An der Universität von Rochester im US-Bundesstaat New York beschäftigt sich ein Team um den Professor Eby Friedman und den Studenten Vasilis Pavlidis bereits seit längerem mit komplexen Bus-Systemen, die mehrere Dies miteinander verbinden sollen. Laut Pavlidis früheren Veröffentlichungen(öffnet im neuen Fenster) handelt es sich dabei um eine Gitterstruktur, wie sie beispielsweise Intel bei seinem Forschungschip Polaris mit seinen 80 Kernen bereits in einer Ebene verwendet hat.

Der Chip aus Rochester, den die Forscher als "Prozessor" bezeichnen, verfügt aber über mehrere dieser Gitterstrukturen, die an den Seiten und auch durch den Chip die verschiedenen Siliziumlagen verbinden. Was Intel bisher flach gebaut hat, wollen die Wissenschaftler in mehrfacher Ausführung auch hochkant integriert haben.

Was der Chip berechnen kann, gaben die US-Forscher noch nicht an. Damit ist nicht klar, ob es sich um eine vollwertige CPU oder wie bei Intels Polaris nur um mehrere einfache FPU-Kerne handelt. Der 3D-Prozessor soll jedoch bereits einen Takt von 1,4 GHz erreicht haben.
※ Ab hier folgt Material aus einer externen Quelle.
(* Let $(W,S)$ be a Coxeter system with $S$ finite, and let $\Bbbk$ be a commutative ring with no $2$-torsion. Let $(\mathfrak{h},\mathfrak{h}^*,\Delta^\vee,\Delta)$ be a realization of $(W,S)$ over $\Bbbk$, and suppose that its Cartan matrix $A=(a_{s,t})_{s,t\in S}$, $a_{s,t}=\langle \alpha_s^\vee,\alpha_t\rangle$, has determinant which is invertible in $\Bbbk$. Then $\Delta$ and $\Delta^\vee$ are each linearly independent. Moreover, as representations of $W$ one has $\mathfrak{h}\cong \Bbbk\cdot\Delta^\vee\oplus T$ for some trivial representation $T$ contained in the common kernel of all $\alpha_s$, $s\in S$; similarly $\mathfrak{h}^*\cong \Bbbk\cdot \Delta\oplus T^*$ for a trivial representation $T^*$ (contained in the common kernel of all $\alpha_s^\vee$).
   Context: A (simple) realization of a Coxeter system $(W,S)$ over $\Bbbk$ is a free $\Bbbk$-module $\mathfrak{h}$ of finite rank together with subsets $\Delta^\vee=\{\alpha_s^\vee : s\in S\}\subset\mathfrak{h}$ (simple coroots) and $\Delta=\{\alpha_s : s\in S\}\subset \mathfrak{h}^*=\mathrm{Hom}_\Bbbk(\mathfrak{h},\Bbbk)$ (simple roots) such that $\langle\alpha_s^\vee,\alpha_s\rangle=2$ for all $s\in S$, and the assignment $s(v)=v-\langle v,\alpha_s\rangle\alpha_s^\vee$ for $v\in\mathfrak{h}$ defines a representation of $W$ on $\mathfrak{h}$. The contragredient action on $\mathfrak{h}^*$ is $s(f)=f-\langle\alpha_s^\vee,f\rangle\alpha_s$. Here $\Bbbk\cdot\Delta^\vee$ denotes the $\Bbbk$-span of $\Delta^\vee$, and similarly for $\Delta$. *)

theory Defs
  imports "HOL-Algebra.Group" "HOL-Combinatorics.Permutations"
begin

definition word_prod :: "('g, 'b) monoid_scheme \<Rightarrow> 'g list \<Rightarrow> 'g" where
  "word_prod G w = foldr (\<lambda>x y. x \<otimes>\<^bsub>G\<^esub> y) w \<one>\<^bsub>G\<^esub>"

definition cox_move :: "('g, 'b) monoid_scheme \<Rightarrow> 'g set \<Rightarrow> 'g list \<Rightarrow> 'g list \<Rightarrow> bool" where
  "cox_move G S u v \<longleftrightarrow>
     (\<exists>a b s. s \<in> S \<and> u = a @ [s, s] @ b \<and> v = a @ b) \<or>
     (\<exists>a b s t m. s \<in> S \<and> t \<in> S \<and> 0 < (m::nat) \<and> (s \<otimes>\<^bsub>G\<^esub> t) [^]\<^bsub>G\<^esub> m = \<one>\<^bsub>G\<^esub>
        \<and> u = a @ concat (replicate m [s, t]) @ b \<and> v = a @ b)"
lemma one_query_second_difference:
  assumes alg: "computes_exactly m h 1 w U"
    and lens: "length a = m" "length b = m" "length c = m" "length d = m"
    and sign: "\<And>i. i \<le> m \<Longrightarrow>
      oracle_sign (qbit a i) = oracle_sign (qbit b i) - oracle_sign (qbit c i) + oracle_sign (qbit d i)"
    and zeros: "\<not> h b" "\<not> h c" "\<not> h d"
  shows "\<not> h a"
proof
  assume "h a"
  have U: "\<forall>k\<le>1. unitary_mat (qdim m w) (U k)"
    and exact: "out_prob m w (run m w U a 1) (h a) = 1"
    using alg lens(1) unfolding computes_exactly_def by auto
  have "run m w U a 1 $ r = 0" if r: "r < qdim m w" and odd: "r mod 2 = 1" for r
  proof -
    have "run m w U xs 1 $ r = 0" if "length xs = m" "\<not> h xs" for xs
      using exact_wrong_amplitude_zero[OF alg that(1) r] that(2) odd by simp
    then show ?thesis
      using one_query_run_affine[OF U sign r] lens(2-4) zeros by (simp del: run.simps)
  qed
  then have "out_prob m w (run m w U a 1) True = 0"
    unfolding out_prob_eq_0_iff by simp
  with exact \<open>h a\<close> show False by simp
qed

lemma EXACT2_sign_relation:
  assumes "i \<le> 4"
  shows "oracle_sign (qbit [True,True,False,False] i)
    = oracle_sign (qbit [False,True,False,False] i) - oracle_sign (qbit [False,False,False,False] i)
      + oracle_sign (qbit [True,False,False,False] i)"
proof -
  have "i = 0 \<or> i = 1 \<or> i = 2 \<or> i = 3 \<or> i = 4" using assms by arith
  then show ?thesis by (elim disjE) (simp_all add: qbit_def oracle_sign_def)
qed

(* EXACT_2 is not constant and violates the second-difference condition *)
lemma EXACT2_needs_two_queries:
  assumes "computes_exactly 4 EXACT2 t w U"
  shows "2 \<le> t"
proof (rule ccontr)
  assume "\<not> 2 \<le> t"
  then consider "t = 0" | "t = 1" by arith
  then show False
  proof cases
    case 1
    have "EXACT2 [True,True,False,False] = EXACT2 [False,False,False,False]"
      using zero_query_constant[OF assms[unfolded 1]] by simp
    then show False by (simp add: EXACT2_def)
  next
    case 2
    have "\<not> EXACT2 [True,True,False,False]"
      by (rule one_query_second_difference[OF assms[unfolded 2] _ _ _ _ EXACT2_sign_relation])
        (simp_all add: EXACT2_def)
    then show False by (simp add: EXACT2_def)
  qed
qed

section \<open>A two-query algorithm\<close>

definition omega3 :: complex where "omega3 = Complex (-1/2) (sqrt 3 / 2)"

lemma omega3_sq: "omega3 * omega3 = -1 - omega3"
  by (simp add: omega3_def complex_eq_iff)

lemma cnj_omega3: "cnj omega3 = -1 - omega3"
  by (simp add: omega3_def complex_eq_iff)

definition mix :: "nat \<Rightarrow> nat \<Rightarrow> complex" where
  "mix j i = (if j = i then 0 else if j = 0 \<or> i = 0 then 1/2
     else if (j=1 \<and> i=2) \<or> (j=2 \<and> i=1) \<or> (j=3 \<and> i=4) \<or> (j=4 \<and> i=3) then 1/2
     else if (j=1 \<and> i=3) \<or> (j=3 \<and> i=1) \<or> (j=2 \<and> i=4) \<or> (j=4 \<and> i=2) then omega3/2
     else (-1-omega3)/2)"

(* with workspace dimension 1 the basis state |i>|0>|b> is coordinate 2i+b;
   U_mix applies M on the output-0 subspace *)
definition U_mix :: "complex mat" where
  "U_mix = mat 10 10 (\<lambda>(r,c). if even r \<and> even c then mix (r div 2) (c div 2)
     else if r = c then 1 else 0)"

(* U_final applies M^* on the output-0 subspace and then swaps |0>|0>|0> with
   |0>|0>|1>, so that the amplitude at |0>|0>|1> is the overlap with M|0> *)
definition U_final :: "complex mat" where
  "U_final = mat 10 10 (\<lambda>(r,c). if r = 1 then (if even c then cnj (mix (c div 2) 0) else 0)
     else if r = 0 then (if c = 1 then 1 else 0)
     else if even r \<and> even c then cnj (mix (c div 2) (r div 2))
     else if r = c then 1 else 0)"

definition exact2_alg :: "nat \<Rightarrow> complex mat" where
  "exact2_alg k = (if k = 2 then U_final else U_mix)"

lemma less10_cases:
  "(i::nat) < 10 \<Longrightarrow> i=0 \<or> i=1 \<or> i=2 \<or> i=3 \<or> i=4 \<or> i=5 \<or> i=6 \<or> i=7 \<or> i=8 \<or> i=9"
  by arith

lemma sum_lessThan_10:
  "(\<Sum>k<(10::nat). f k) = f 0 + f 1 + f 2 + f 3 + f 4 + f 5 + f 6 + f 7 + f 8 + (f 9 :: complex)"
  by (simp add: eval_nat_numeral)

lemma sum_lessThan_5:
  "(\<Sum>k<(5::nat). f k) = f 0 + f 1 + f 2 + f 3 + (f 4 :: complex)"
  by (simp add: eval_nat_numeral)

lemma unitary_mat_10I:
  assumes "U \<in> carrier_mat 10 10"
    "\<And>i j. i < 10 \<Longrightarrow> j < 10 \<Longrightarrow>
      (\<Sum>k<10. cnj (U $$ (k,i)) * U $$ (k,j)) = (if i = j then 1 else 0)"
  shows "unitary_mat 10 U"
  unfolding unitary_mat_def
proof (intro conjI)
  show "cadjoint U * U = 1\<^sub>m 10"
  proof (rule eq_matI)
    fix i j assume "i < dim_row (1\<^sub>m 10 :: complex mat)" "j < dim_col (1\<^sub>m 10 :: complex mat)"
    then have ij: "i < 10" "j < 10" by auto
    have "(cadjoint U * U) $$ (i,j) = (\<Sum>k<10. cnj (U $$ (k,i)) * U $$ (k,j))"
      using assms(1) ij by (simp add: cadjoint_def index_mult_mat scalar_prod_def atLeast0LessThan)
    then show "(cadjoint U * U) $$ (i,j) = 1\<^sub>m 10 $$ (i,j)" using assms(2)[OF ij] ij by simp
  qed (use assms(1) in \<open>auto simp: cadjoint_def\<close>)
qed (fact assms(1))

lemma U_mix_unitary: "unitary_mat 10 U_mix"
proof (rule unitary_mat_10I)
  fix i j :: nat assume "i < 10" "j < 10"
  then show "(\<Sum>k<10. cnj (U_mix $$ (k,i)) * U_mix $$ (k,j)) = (if i = j then 1 else 0)"
    apply (simp only: sum_lessThan_10)
    apply (elim less10_cases[elim_format] disjE)
    apply (simp_all add: U_mix_def mix_def cnj_omega3 algebra_simps omega3_sq)
    apply (simp_all add: field_simps)
    done
qed (simp add: U_mix_def)

lemma U_final_unitary: "unitary_mat 10 U_final"
proof (rule unitary_mat_10I)
  fix i j :: nat assume "i < 10" "j < 10"
  then show "(\<Sum>k<10. cnj (U_final $$ (k,i)) * U_final $$ (k,j)) = (if i = j then 1 else 0)"
    apply (simp only: sum_lessThan_10)
    apply (elim less10_cases[elim_format] disjE)
    apply (simp_all add: U_final_def mix_def cnj_omega3 algebra_simps omega3_sq)
    apply (simp_all add: field_simps)
    done
qed (simp add: U_final_def)

lemma exact2_alg_unitary: "\<forall>k\<le>2. unitary_mat (qdim 4 1) (exact2_alg k)"
  by (simp add: qdim_def exact2_alg_def U_mix_unitary U_final_unitary)

lemma U_mix_apply:
  "U_mix *\<^sub>v vec 10 f = vec 10 (\<lambda>r. if even r then (\<Sum>i<5. mix (r div 2) i * f (2*i)) else f r)"
proof (rule eq_vecI)
  fix r assume "r < dim_vec (vec 10 (\<lambda>r. if even r then (\<Sum>i<5. mix (r div 2) i * f (2*i)) else f r))"
  then have r: "r < 10" by simp
  have "(U_mix *\<^sub>v vec 10 f) $ r = (\<Sum>c<10. U_mix $$ (r,c) * f c)"
    using r by (simp add: U_mix_def scalar_prod_def atLeast0LessThan)
  then show "(U_mix *\<^sub>v vec 10 f) $ r
      = vec 10 (\<lambda>r. if even r then (\<Sum>i<5. mix (r div 2) i * f (2*i)) else f r) $ r"
    using r
    by (simp only: sum_lessThan_10 sum_lessThan_5 index_vec)
      (elim less10_cases[elim_format] disjE; simp add: U_mix_def)
qed (simp add: U_mix_def)

lemma U_final_apply_1: "(U_final *\<^sub>v vec 10 f) $ 1 = (\<Sum>i<5. cnj (mix i 0) * f (2*i))"
proof -
  have "(U_final *\<^sub>v vec 10 f) $ 1 = (\<Sum>c<10. U_final $$ (1,c) * f c)"
    by (simp add: U_final_def scalar_prod_def atLeast0LessThan)
  then show ?thesis by (simp add: sum_lessThan_10 sum_lessThan_5 U_final_def)
qed

lemma U_final_apply_odd:
  assumes "r < 10" "odd r" "r \<noteq> 1"
  shows "(U_final *\<^sub>v vec 10 f) $ r = f r"
proof -
  have "(U_final *\<^sub>v vec 10 f) $ r = (\<Sum>c<10. U_final $$ (r,c) * f c)"
    using assms by (simp add: U_final_def scalar_prod_def atLeast0LessThan)
  then show ?thesis using assms
    by (simp only: sum_lessThan_10) (elim less10_cases[elim_format] disjE; simp add: U_final_def)
qed

lemma query_op_apply_4_1:
  "query_op 4 1 xs *\<^sub>v vec 10 f = vec 10 (\<lambda>r. oracle_sign (qbit xs (r div 2)) * f r)"
proof (rule eq_vecI)
  fix r assume "r < dim_vec (vec 10 (\<lambda>r. oracle_sign (qbit xs (r div 2)) * f r))"
  then have r: "r < qdim 4 1" by (simp add: qdim_def)
  have "vec 10 f \<in> carrier_vec (qdim 4 1)" by (simp add: qdim_def)
  from query_op_apply[OF this r, of xs] r
  show "(query_op 4 1 xs *\<^sub>v vec 10 f) $ r = vec 10 (\<lambda>r. oracle_sign (qbit xs (r div 2)) * f r) $ r"
    by (simp add: qdim_def)
qed (simp add: query_op_def qdim_def)

lemma exact2_alg_final_state:
  "run 4 1 exact2_alg xs 2 = U_final *\<^sub>v (query_op 4 1 xs *\<^sub>v (U_mix *\<^sub>v
     (query_op 4 1 xs *\<^sub>v (U_mix *\<^sub>v vec 10 (\<lambda>r. if r = 0 then 1 else 0)))))"
  by (simp add: exact2_alg_def numeral_2_eq_2 qdim_def unit_vec_def)

lemma exact2_alg_answer_amplitude:
  "(cmod (run 4 1 exact2_alg [a,b,c,d] 2 $ 1))\<^sup>2 = (if EXACT2 [a,b,c,d] then 1 else 0)"
proof -
  let ?s = "\<lambda>i. oracle_sign (qbit [a,b,c,d] i)"
  have amplitude: "run 4 1 exact2_alg [a,b,c,d] 2 $ 1
      = (\<Sum>i<5. cnj (mix i 0) * (?s i * (\<Sum>k<5. mix i k * (?s k * (\<Sum>j<5. mix k j * (if j = 0 then 1 else 0))))))"
    unfolding exact2_alg_final_state by (simp only: U_mix_apply query_op_apply_4_1 U_final_apply_1) simp
  show ?thesis
    unfolding amplitude
    apply (cases a; cases b; cases c; cases d)
      apply (simp_all add: sum_lessThan_5 mix_def qbit_def oracle_sign_def EXACT2_def)
     apply (simp_all add: cmod_power2 omega3_def complex_eq_iff)
    apply (simp_all add: power2_eq_square algebra_simps)
    done
qed

lemma exact2_alg_idle_amplitude:
  "r \<in> {3,5,7,9} \<Longrightarrow> run 4 1 exact2_alg xs 2 $ r = 0"
  unfolding exact2_alg_final_state U_mix_apply query_op_apply_4_1
  by (auto simp: U_final_apply_odd)

lemma exact2_alg_correct: "computes_exactly 4 EXACT2 2 1 exact2_alg"
  unfolding computes_exactly_def
proof (intro conjI allI impI)
  fix xs :: "bool list" assume "length xs = 4"
  then obtain a b c d where xs: "xs = [a,b,c,d]"
    by (auto simp: length_Suc_conv numeral_eq_Suc)
  let ?\<psi> = "run 4 1 exact2_alg xs 2"
  have "{r. r < qdim 4 1 \<and> (r mod 2 = 1) = True} = {1,3,5,7,9}"
    by (auto simp: qdim_def dest!: less10_cases)
  then have "out_prob 4 1 ?\<psi> True = (\<Sum>r\<in>{1,3,5,7,9}. (cmod (?\<psi> $ r))\<^sup>2)"
    unfolding out_prob_def by simp
  also have "\<dots> = (if EXACT2 xs then 1 else 0)"
    using exact2_alg_idle_amplitude[of _ xs] exact2_alg_answer_amplitude[of a b c d] xs by simp
  finally have yes: "out_prob 4 1 ?\<psi> True = (if EXACT2 xs then 1 else 0)" .
  have "out_prob 4 1 ?\<psi> True + out_prob 4 1 ?\<psi> False = 1"
    using out_prob_total[OF run_carrier[OF exact2_alg_unitary]] run_sq_norm[OF _ exact2_alg_unitary]
    by simp
  with yes show "out_prob 4 1 ?\<psi> (EXACT2 xs) = 1" by (cases "EXACT2 xs") simp_all
qed (use exact2_alg_unitary in auto)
Die Wissenschaftler versprechen sich von der neuen Bauform eine noch höhere Integration von Funktionseinheiten in einem Chip-Package und damit weiter steigende Rechenleistungen. Trotz immer weiter verkleinerter Strukturbreite bei Prozessoren – derzeit bis 45 Nanometern in Serienfertigung – wird der "Die-Space" zunehmend zum Problem. So braucht Intel für seinen 6-Kern-Xeon der Serie 7400 über 500 Quadratmillimeter Chipfläche, und auch Nvidia stößt mit dem GT-200 bei 576 Quadratmillimetern an die Grenze dessen, was noch wirtschaftlich herzustellen ist.